Rationalists understand that both the instrument (the gun) and the deranged person (the shooter) are necessary for the mayhem of December 14 to occur. To prove this point, today the New York Times reported that a knife-wielding man wounded 22 school children and one adult outside a school in central China. There were no deaths.

Americans have come together in the past to protect children. In 1874 the first reported case of child abuse in the US occurred in New York. A church worker learned that Mary Ellen, an 8-year-old girl living in a tenement with her foster parents, was being starved and beaten. The church worker tried to remove the child from the home but neither the police or the Department of Charities would intervene. This persistent woman appealed to Henry Bergh, founder of the American Society for the Prevention of Cruelty to Animals in 1866, who persuaded the courts to hear the case on the grounds that her treatment at home was cruel and she was a member of the Animal Kingdom. Mary Ellen was removed from the home, the abusive mother was imprisoned for assault and battery. Mary Ellen died in 1961 at age 96 after marrying and raising four children.

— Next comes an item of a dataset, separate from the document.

(* Fix a positive integer $n$ and two partitions $\Lambda_w$ and $\Lambda_b$ of $n$. Then $$\sum_{T\in\mathbf{W}_{\Lambda_w,\Lambda_b}}\omega(T)-\sum_{T\in\mathbf{B}_{\Lambda_w,\Lambda_b}}\omega(T)=0.$$
   Context: A black and white tree is a finite tree embedded in $\mathbb{C}$ whose vertices are colored black and white so that adjacent vertices have different colors. It is real if it is invariant (including colors) under complex conjugation. Two real trees are isomorphic if one is carried to the other by a homeomorphism of $\mathbb{C}$ commuting with complex conjugation and preserving the orientation of the real axis (and the colors); trees are considered up to isomorphism. The real vertices of a real tree $T$ are its vertices on $\mathbb{R}$; the real part sequence of $T$ is the sequence of (color, degree) of the real vertices from left to right; the first and last real vertices are the border vertices. The weight $\omega(T)$: if the real part sequence is not symmetric (not a palindrome), $\omega(T)=0$; if $T$ has only one real vertex, $\omega(T)=1$; if the real part sequence is symmetric, $T$ has more than one real vertex and the middle real vertex has the same color as the border vertices, $\omega(T)=-1$; if it is symmetric, with more than one real vertex, and the middle real vertex has a different color from the border vertices, $\omega(T)=1$. $T$ is white side (resp. black side) if its rightmost real vertex is white (resp. black). $\mathbf{W}_{\Lambda_w,\Lambda_b}$ (resp. $\mathbf{B}_{\Lambda_w,\Lambda_b}$) is the set of isomorphism classes of white side (resp. black side) real trees with white vertex degrees $\Lambda_w$ and black vertex degrees $\Lambda_b$. *)

theory Defs
  imports Main "HOL-Library.Multiset"
begin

By the way, the Society for the Prevention of Cruelty to Children was not established until 1875, a year after the Mary Ellen case. It took a while for pediatricians to admit to themselves that some natural parents could actually abuse their children. However articles about child abuse were written by concerned pediatricians in the 1940’s and 50’s and in 1962 a landmark paper published in JAMA by Kempe, Silverman, Steele et al with the can’t-ignore-any-longer title, “The Battered-Child Syndrome” changed things rapidly. Within 4 years of its publication all but one state had passed child abuse reporting laws (all 50 states have such laws now). One concerned citizen, the church worker who cared about one child, started a process that helps protect all children.

What will it take to end the war and protect innocent children from becoming collateral damage? I’m not wise enough to solve the problem but I bet we could begin the process today if every parent cared as much as the church worker in 1874 who refused to stand by and do nothing. We can all start by writing to our president and legislators to stop the war and start the dialogue.